Will Marcus Pollard be back in the starting lineup and what does that mean for Will Heller. Heller has turned into a TD machine, with three in the Red Zone. But Pollard is back and looks to be healthy. I wouldn't be surprised to see some two tight end sets to feature both those guys, who have different attributes but both bring something to the team.
Will the pass rush be able to get to Rex Grossman. The defense is scared of Grossman's deep ball, but not of his dink and dunk techniques. If they can get pressure on him when he drops back to set up for deep passes to Bernard Berrian, it would make it much easier on the secondary. Patrick Kerney and Darryl Tapp still are switched at defensive end, so that throws a wrinkle into things, and Tapp has a shoulder stinger. Julian Peterson may be the key player in this portion of the game.
Can Deon Grant and Brian Russell prevent Chicago's receivers from getting behind them? Isn't it interesting that it seems like we have not mentioned Grant's name in a number of weeks. I remember him getting beat him Cleveland a few times, he seemed like a non-entity against San Francisco. He is due to make some plays. This would be a good time.

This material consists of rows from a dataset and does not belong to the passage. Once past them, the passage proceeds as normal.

(* For all integers $L\ge1$ and $M\ge L+1$, $$\sigma_{\min}\Big(\frac{\bar B}{\sqrt M}\Big)\ge\frac{1}{L^2\,2^{7L}(2L+1)}\left(\frac{M+L}{eM}\right)^{L+0.5}.$$
   Context: $\bar B$ is the $M\times(L+1)$ real Vandermonde matrix with entries $\bar B_{i,j}=(i/M)^{j}$ for $1\le i\le M$, $0\le j\le L$ (so its first column is all ones). $\sigma_{\min}$ denotes the smallest singular value. *)

theory Defs
  imports "HOL-Analysis.Analysis"
begin

text \<open>Matrices of size m x n are represented as functions nat => nat => real,
  with row indices i < m and column indices j < n (0-based).\<close>

definition mat_vec_norm :: "nat \<Rightarrow> nat \<Rightarrow> (nat \<Rightarrow> nat \<Rightarrow> real) \<Rightarrow> (nat \<Rightarrow> real) \<Rightarrow> real" where
  "mat_vec_norm m n A x = sqrt (\<Sum>i<m. (\<Sum>j<n. A i j * x j)\<^sup>2)"

definition sigma_min :: "nat \<Rightarrow> nat \<Rightarrow> (nat \<Rightarrow> nat \<Rightarrow> real) \<Rightarrow> real" where
  "sigma_min m n A = Inf {mat_vec_norm m n A x | x. (\<Sum>j<n. (x j)\<^sup>2) = 1}"

text \<open>The M x (L+1) Vandermonde matrix Bbar with entries (i/M)^j, 1 <= i <= M, 0 <= j <= L,
  stored 0-based: row index i corresponds to i+1.\<close>

definition Bbar :: "nat \<Rightarrow> nat \<Rightarrow> nat \<Rightarrow> real" where
  "Bbar M i j = (real (i + 1) / real M) ^ j"

end

theory Submission
  imports Defs "HOL-Computational_Algebra.Polynomial"
begin

text \<open>
  For a unit vector \<open>x\<close>, the entries of \<open>Bbar x\<close> are the values of \<open>P y = \<Sum>j\<le>L. x\<^sub>j y\<^sup>j\<close>
  at the grid points \<open>i/M\<close>. This grid splits into \<open>s = M div (L+1)\<close> interleaved progressions
  of \<open>L+1\<close> points each, spaced \<open>s/M \<ge> 1/(2(L+1))\<close> apart inside \<open>[0,1]\<close>. On every
  progression Lagrange interpolation recovers the coefficients of \<open>P\<close> from its \<open>L+1\<close> values
  with a loss of at most \<open>24\<^sup>L\<close>: the basis polynomials have coefficients bounded by \<open>2\<^sup>L\<close>,
  and the node products are at least \<open>h\<^sup>L k! (L-k)!\<close>. So each progression carries squared
  mass at least \<open>1/((L+1) 576\<^sup>L)\<close>, which gives \<open>|Bbar x|\<^sup>2/M \<ge> 1/(2 (L+1)\<^sup>2 576\<^sup>L)\<close>.
  This beats the stated constant, and the factor \<open>((M+L)/(eM))\<^bsup>L+1/2\<^esup>\<close> is at most 1.
\<close>

lemma abs_coeff_prod_linear_le:
  fixes a :: "nat \<Rightarrow> real"
  assumes "finite S" "\<And>m. m \<in> S \<Longrightarrow> \<bar>a m\<bar> \<le> 1"
  shows "\<bar>coeff (\<Prod>m\<in>S. [:- a m, 1:]) j\<bar> \<le> 2 ^ card S"
  using assms
proof (induction S arbitrary: j rule: finite_induct)
  case empty
  then show ?case by (cases j) auto
next
  case (insert y S)
  define q where "q = (\<Prod>m\<in>S. [:- a m, 1:])"
  have IH: "\<bar>coeff q i\<bar> \<le> 2 ^ card S" for i using insert unfolding q_def by auto
  have "(\<Prod>m\<in>insert y S. [:- a m, 1:]) = smult (- a y) q + pCons 0 q"
    using insert unfolding q_def by (simp add: mult_pCons_left)
  then have "\<bar>coeff (\<Prod>m\<in>insert y S. [:- a m, 1:]) j\<bar> \<le> \<bar>a y\<bar> * \<bar>coeff q j\<bar> + \<bar>coeff (pCons 0 q) j\<bar>"
    using abs_triangle_ineq4[of "coeff (pCons 0 q) j" "a y * coeff q j"]
    by (simp add: abs_mult del: coeff_pCons)
  also have "\<dots> \<le> 1 * 2 ^ card S + 2 ^ card S"
    using insert.prems IH[of j] IH[of "j - 1"]
    by (intro add_mono mult_mono) (auto simp: coeff_pCons split: nat.split)
  also have "\<dots> = 2 ^ card (insert y S)" using insert by simp
  finally show ?case .
qed

lemma prod_lessThan_abs_diff_eq_fact: "(\<Prod>m<k. \<bar>real k - real m\<bar>) = fact k"
proof (induction k)
  case 0 then show ?case by simp
next
  case (Suc k)
  have "(\<Prod>m<Suc k. \<bar>real (Suc k) - real m\<bar>) = real (Suc k) * (\<Prod>m<k. \<bar>real k - real m\<bar>)"
    by (subst prod.lessThan_Suc_shift) simp
  then show ?case using Suc by (simp add: fact_Suc)
qed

How will another Deion, Branch, make a difference in the passing game? For one, he pushes Bobby Engram and Nate Burleson deeper into the rotation, which could hurt since to me Burleson is the most explosive player on the field at times. However, Branch I think runs better routes and is more savvy, not the type to give up on routes like Burleson has been guilty of this year.
Will the special teams get their act together? They had a poor week against SF, and have had some glaring mistakes this year, though they also have won some games via Burleson's legs. A solid performance from them, especially covering Devin Hester, or better yet keeping the ball away from him, would be a nice improvement that could make the difference in the game.